lemma delta_star_iff_Dext:
  assumes "x \<in> hatD"
  shows "(\<forall>f\<in>Ohat. delta x (astar f) = cnj (delta x f)) \<longleftrightarrow> x \<in> Dext"
proof
  assume star: "\<forall>f\<in>Ohat. delta x (astar f) = cnj (delta x f)"
  obtain p q where pq: "(p, q) \<in> hatZ" "x = orbit (p, q)"
    using assms unfolding hatD_def by auto
  have "coord_prod i j (tau x) = coord_prod i j x" for i j
    using star coord_prod_in_Ohat[of i j] by (simp add: delta_def astar_def)
  then have "cconj q $ i * cconj p $ j = p $ i * q $ j" for i j
    using pq(2) by (simp add: tau_orbit coord_prod_orbit)
  moreover obtain a b where "p $ a \<noteq> 0" "q $ b \<noteq> 0"
    using hatZ_exists_nonzero[OF pq(1)] by blast
  ultimately have "orbit (cconj q, cconj p) = orbit (p, q)"
    by (rule orbit_eq_if_coord_prods_eq)
  then have "tau x = x" using pq(2) by (simp add: tau_orbit)
  then show "x \<in> Dext" using assms by (simp add: Dext_def)
qed (simp add: Dext_def delta_def astar_def)

theorem proposition4p8:
  fixes x :: "('n::finite) hpt set"
  assumes "x \<in> hatD"
  shows "continuous_map A_top euclidean (delta x)
    \<and> (\<forall>f\<in>Ohat. \<forall>g\<in>Ohat. delta x (aadd f g) = delta x f + delta x g)
    \<and> (\<forall>f\<in>Ohat. \<forall>c. delta x (asmul c f) = c * delta x f)
    \<and> (\<forall>f\<in>Ohat. \<forall>g\<in>Ohat. delta x (amul f g) = delta x f * delta x g)
    \<and> delta x aone = 1
    \<and> ((\<forall>f\<in>Ohat. delta x (astar f) = cnj (delta x f)) \<longleftrightarrow> x \<in> Dext)"
  using continuous_map_delta[OF assms] delta_star_iff_Dext[OF assms]
  by (simp add: delta_def aadd_def asmul_def amul_def aone_def)
theorem lemma7p2:
  fixes A P P' :: "nat \<Rightarrow> real^'d^'d" and N :: "nat \<Rightarrow> real^'d \<Rightarrow> real"
  assumes "\<And>n. invertible (A n)"
    and "\<And>n. is_norm_on (N n)"
    and "\<And>n. is_projection (P n)"
    and "strong_exp_dichotomy A N P"
    and "\<And>n. is_projection (P' n)"
    and "\<And>n. P' (Suc n) ** A n = A n ** P' n"
  shows "strong_exp_dichotomy A N P' \<longleftrightarrow> range (\<lambda>x. P 0 *v x) = range (\<lambda>x. P' 0 *v x)"
proof
  assume "strong_exp_dichotomy A N P'"
  then show "range (\<lambda>x. P 0 *v x) = range (\<lambda>x. P' 0 *v x)"
    using strong_exp_dichotomy_range_subset assms(1,2,4) by blast
next
  assume range_eq: "range (\<lambda>x. P 0 *v x) = range (\<lambda>x. P' 0 *v x)"
  obtain intertw: "\<And>n. A n ** P n = P (Suc n) ** A n"
    using strong_exp_dichotomyE[OF assms(4)] by metis
  have intertw': "A n ** P' n = P' (Suc n) ** A n" for n by (simp add: assms(6))
  have "P 0 ** P' 0 = P' 0" "P' 0 ** P 0 = P 0"
    using projection_mult_eq_if_range_subset[OF assms(3)] projection_mult_eq_if_range_subset[OF assms(5)]
      range_eq by simp_all
  then have "P n ** P' n = P' n" "P' n ** P n = P n" for n
    using cocycle_propagates_mult_eq[of A P P', OF intertw intertw' assms(1)]
      cocycle_propagates_mult_eq[of A P' P, OF intertw' intertw assms(1)] by simp_all
  moreover obtain E where "E \<ge> 0" "\<And>n x. N n (P' n *v x) \<le> E * N n x"
    using strong_exp_dichotomy_projection_bounded[OF assms(1,2,3,4) intertw']
      \<open>P 0 ** P' 0 = P' 0\<close> \<open>P' 0 ** P 0 = P 0\<close> by metis
  ultimately show "strong_exp_dichotomy A N P'"
    using strong_exp_dichotomy_change_projection[OF assms(1,2,4) intertw'] by metis
qed
lemma norm_frac_kernel_1_decay:
  assumes s: "s > 0"
  obtains B where "B \<ge> 0"
    "\<And>w::real^'n. 1 \<le> norm w \<Longrightarrow> norm (frac_kernel s 1 w) \<le> B * norm w powr - (CARD('n) + s / 2)"
proof -
  define p where "p = real CARD('n) + s / 2"
  define k where "k = 1 / (2 * pi) ^ CARD('n)"
  define A where "A = k * (\<integral>\<xi>. exp (- (norm (\<xi>::real^'n) powr s)) \<partial>lborel)"
  have A: "A \<ge> 0" "\<And>w. norm (frac_kernel s 1 (w::real^'n)) \<le> A"
    using norm_frac_kernel_le[OF s zero_less_one] by (auto simp: A_def k_def)
  have "p < s + DIM(real^'n)" using s by (simp add: p_def)
  then obtain B where B: "\<And>w::real^'n. pi \<le> norm w \<Longrightarrow>
      norm (fourier_integral (\<lambda>\<xi>. exp (- (norm \<xi> powr s))) w) \<le> B * norm w powr - p"
    using norm_fourier_exp_neg_norm_powr_le[OF s] by blast
  define B' where "B' = k * max B 0 + A * pi powr p"
  have "norm (frac_kernel s 1 w) \<le> B' * norm w powr - p" if w: "1 \<le> norm w" for w :: "real^'n"
  proof (cases "pi \<le> norm w")
    case True
    have "norm (frac_kernel s 1 w) = k * norm (fourier_integral (\<lambda>\<xi>. exp (- (norm \<xi> powr s))) w)"
      by (simp add: frac_kernel_1_eq norm_mult norm_divide norm_power k_def)
    also have "\<dots> \<le> k * (max B 0 * norm w powr - p)"
      using B[OF True] mult_right_mono[OF max.cobounded1[of B 0], of "norm w powr - p"]
      by (intro mult_left_mono) (auto simp: k_def)
    also have "\<dots> \<le> B' * norm w powr - p"
      using A by (simp add: B'_def algebra_simps)
    finally show ?thesis .
  next
    case False
    have "pi powr - p \<le> norm w powr - p"
      using False w s by (intro powr_mono2') (auto simp: p_def)
    then have "1 \<le> pi powr p * norm w powr - p"
      by (simp add: powr_minus field_simps)
    then have "A \<le> A * pi powr p * norm w powr - p"
      using A(1) mult_left_mono[of 1 _ A] by (simp add: mult.assoc)
    also have "\<dots> \<le> B' * norm w powr - p"
      by (intro mult_right_mono) (auto simp: B'_def k_def)
    finally show ?thesis using A(2)[of w] by linarith
  qed
  moreover have "B' \<ge> 0" using A by (simp add: B'_def k_def)
  ultimately show thesis using that by (simp add: p_def)
qed
(* Let $i\in\{1,2,3,4\}$ and let $M\in\mathcal{X}_i$. Then either $M$ has a minor isomorphic to some matroid in $\mathcal{N}_i$, or $M\in\mathcal{X}_{i+1}$.
   Context: A partial field is a pair $(R,G)$, $R$ a commutative ring with unity, $G$ a subgroup of its units containing $-1$; a matroid is representable over it if it is isomorphic to $M[A]$ for a matrix $A$ with entries in $G\cup\{0\}$ whose non-zero square subdeterminants all lie in $G$ (for an $X\times Y$ matrix $A$, $M[A]$ is the matroid on $X\cup Y$ with bases $X\triangle Z$ where $|X\cap Z|=|Y\cap Z|$ and $\det A[X\cap Z,Y\cap Z]\neq0$). The Hydra partial fields are: $\mathbb{H}_1=\mathrm{GF}(5)$; $\mathbb{H}_2=(\mathbb{Z}[i,1/2],\langle i,1-i\rangle)$ with $i^2=-1$; $\mathbb{H}_3=(\mathbb{Q}(\alpha),\langle -1,\alpha,1-\alpha,\alpha^2-\alpha+1\rangle)$; $\mathbb{H}_4=(\mathbb{Q}(\alpha,\beta),\langle -1,\alpha,\beta,\alpha-1,\beta-1,\alpha\beta-1,\alpha+\beta-2\alpha\beta\rangle)$; $\mathbb{H}_5=(\mathbb{Q}(\alpha,\beta,\gamma),\langle -1,\alpha,\beta,\gamma,\alpha-1,\beta-1,\gamma-1,\alpha-\gamma,\gamma-\alpha\beta,(1-\gamma)-(1-\alpha)\beta\rangle)$, with $\alpha,\beta,\gamma$ indeterminates and $\langle\cdot\rangle$ denoting the generated multiplicative group. For $i\in\{1,\dots,5\}$, $\mathcal{X}_i$ is the set of excluded minors (matroids not $\mathbb{H}_i$-representable all of whose proper minors are) for the class of $\mathbb{H}_i$-representable matroids. For $i\in\{1,2,3,4\}$, $\mathcal{N}_i$ is the set of matroids in $\mathcal{X}_{i+1}$ that are $\mathbb{H}_i$-representable. *)

theory Defs
  imports Complex_Main "Jordan_Normal_Form.Determinant" "HOL-Library.Numeral_Type"
    "HOL-Computational_Algebra.Polynomial" "HOL-Computational_Algebra.Fraction_Field"
begin

text \<open>A matroid on a finite ground set, given by its set of bases.\<close>
type_synonym 'a matroid = "'a set \<times> 'a set set"

definition is_matroid :: "'a matroid \<Rightarrow> bool" where
  "is_matroid M \<longleftrightarrow> (let E = fst M; \<B> = snd M in
     finite E \<and> \<B> \<noteq> {} \<and> (\<forall>B\<in>\<B>. B \<subseteq> E) \<and>
     (\<forall>B1\<in>\<B>. \<forall>B2\<in>\<B>. \<forall>x\<in>B1 - B2. \<exists>y\<in>B2 - B1. insert y (B1 - {x}) \<in> \<B>))"

definition indep :: "'a matroid \<Rightarrow> 'a set \<Rightarrow> bool" where
  "indep M I \<longleftrightarrow> (\<exists>B\<in>snd M. I \<subseteq> B)"

definition rk :: "'a matroid \<Rightarrow> 'a set \<Rightarrow> nat" where
  "rk M X = Max (card ` {I. I \<subseteq> X \<and> indep M I})"

text \<open>N is the minor M / C \ D, for disjoint C, D contained in the ground set.\<close>
definition minor_of :: "'a matroid \<Rightarrow> 'a matroid \<Rightarrow> bool" where
  "minor_of N M \<longleftrightarrow> (\<exists>C D. C \<subseteq> fst M \<and> D \<subseteq> fst M \<and> C \<inter> D = {} \<and>
     fst N = fst M - (C \<union> D) \<and>
     snd N = {X. X \<subseteq> fst N \<and> rk M (X \<union> C) = card X + rk M C \<and>
                 rk M (X \<union> C) = rk M (fst M - D)})"

definition proper_minor_of :: "'a matroid \<Rightarrow> 'a matroid \<Rightarrow> bool" where
  "proper_minor_of N M \<longleftrightarrow> minor_of N M \<and> fst N \<noteq> fst M"

definition matroid_iso :: "'a matroid \<Rightarrow> 'b matroid \<Rightarrow> bool" where
  "matroid_iso M N \<longleftrightarrow> (\<exists>f. bij_betw f (fst M) (fst N) \<and> snd N = (image f) ` snd M)"

definition subdet :: "(nat \<Rightarrow> nat \<Rightarrow> 'r::comm_ring_1) \<Rightarrow> nat set \<Rightarrow> nat set \<Rightarrow> 'r" where
  "subdet A Rs Cs = det (mat (card Rs) (card Rs)
      (\<lambda>(i,j). A (sorted_list_of_set Rs ! i) (sorted_list_of_set Cs ! j)))"

text \<open>M[A] for an m x n matrix A: ground set X \<union> Y with X = Inl ` {..<m}, Y = Inr ` {..<n};
  bases X \<triangle> Z where Z = Inl ` Rs \<union> Inr ` Cs, card Rs = card Cs and det A[Rs,Cs] \<noteq> 0.\<close>
definition matM :: "nat \<Rightarrow> nat \<Rightarrow> (nat \<Rightarrow> nat \<Rightarrow> 'r::comm_ring_1) \<Rightarrow> (nat + nat) matroid" where
  "matM m n A = (Inl ` {..<m} \<union> Inr ` {..<n},
     {Inl ` ({..<m} - Rs) \<union> Inr ` Cs | Rs Cs. Rs \<subseteq> {..<m} \<and> Cs \<subseteq> {..<n} \<and>
        card Rs = card Cs \<and> subdet A Rs Cs \<noteq> 0})"

text \<open>Representability over the partial field (R, G), R the ring type 'r.\<close>
definition pf_representable :: "'r::comm_ring_1 set \<Rightarrow> 'a matroid \<Rightarrow> bool" where
  "pf_representable G M \<longleftrightarrow> (\<exists>m n (A :: nat \<Rightarrow> nat \<Rightarrow> 'r).
     (\<forall>i<m. \<forall>j<n. A i j \<in> G \<union> {0}) \<and>
     (\<forall>Rs Cs. Rs \<subseteq> {..<m} \<and> Cs \<subseteq> {..<n} \<and> card Rs = card Cs \<and> subdet A Rs Cs \<noteq> 0
         \<longrightarrow> subdet A Rs Cs \<in> G) \<and>
     matroid_iso M (matM m n A))"

inductive_set gen_grp :: "'r::field set \<Rightarrow> 'r set" for S where
  one: "1 \<in> gen_grp S"
| gen: "s \<in> S \<Longrightarrow> s \<in> gen_grp S"
| mult: "a \<in> gen_grp S \<Longrightarrow> b \<in> gen_grp S \<Longrightarrow> a * b \<in> gen_grp S"
| inv: "a \<in> gen_grp S \<Longrightarrow> inverse a \<in> gen_grp S"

Task to carry out:
Please output the lines of the listing above that fall in the stretch from the one with "text \<open>A matroid" through the one with "M N \<longleftrightarrow>", exactly and only those.

Solution to this problem:
text \<open>A matroid on a finite ground set, given by its set of bases.\<close>
type_synonym 'a matroid = "'a set \<times> 'a set set"

definition is_matroid :: "'a matroid \<Rightarrow> bool" where
  "is_matroid M \<longleftrightarrow> (let E = fst M; \<B> = snd M in
     finite E \<and> \<B> \<noteq> {} \<and> (\<forall>B\<in>\<B>. B \<subseteq> E) \<and>
     (\<forall>B1\<in>\<B>. \<forall>B2\<in>\<B>. \<forall>x\<in>B1 - B2. \<exists>y\<in>B2 - B1. insert y (B1 - {x}) \<in> \<B>))"

definition indep :: "'a matroid \<Rightarrow> 'a set \<Rightarrow> bool" where
  "indep M I \<longleftrightarrow> (\<exists>B\<in>snd M. I \<subseteq> B)"

definition rk :: "'a matroid \<Rightarrow> 'a set \<Rightarrow> nat" where
  "rk M X = Max (card ` {I. I \<subseteq> X \<and> indep M I})"

text \<open>N is the minor M / C \ D, for disjoint C, D contained in the ground set.\<close>
definition minor_of :: "'a matroid \<Rightarrow> 'a matroid \<Rightarrow> bool" where
  "minor_of N M \<longleftrightarrow> (\<exists>C D. C \<subseteq> fst M \<and> D \<subseteq> fst M \<and> C \<inter> D = {} \<and>
     fst N = fst M - (C \<union> D) \<and>
     snd N = {X. X \<subseteq> fst N \<and> rk M (X \<union> C) = card X + rk M C \<and>
                 rk M (X \<union> C) = rk M (fst M - D)})"

definition proper_minor_of :: "'a matroid \<Rightarrow> 'a matroid \<Rightarrow> bool" where
  "proper_minor_of N M \<longleftrightarrow> minor_of N M \<and> fst N \<noteq> fst M"

definition matroid_iso :: "'a matroid \<Rightarrow> 'b matroid \<Rightarrow> bool" where
  "matroid_iso M N \<longleftrightarrow> (\<exists>f. bij_betw f (fst M) (fst N) \<and> snd N = (image f) ` snd M)"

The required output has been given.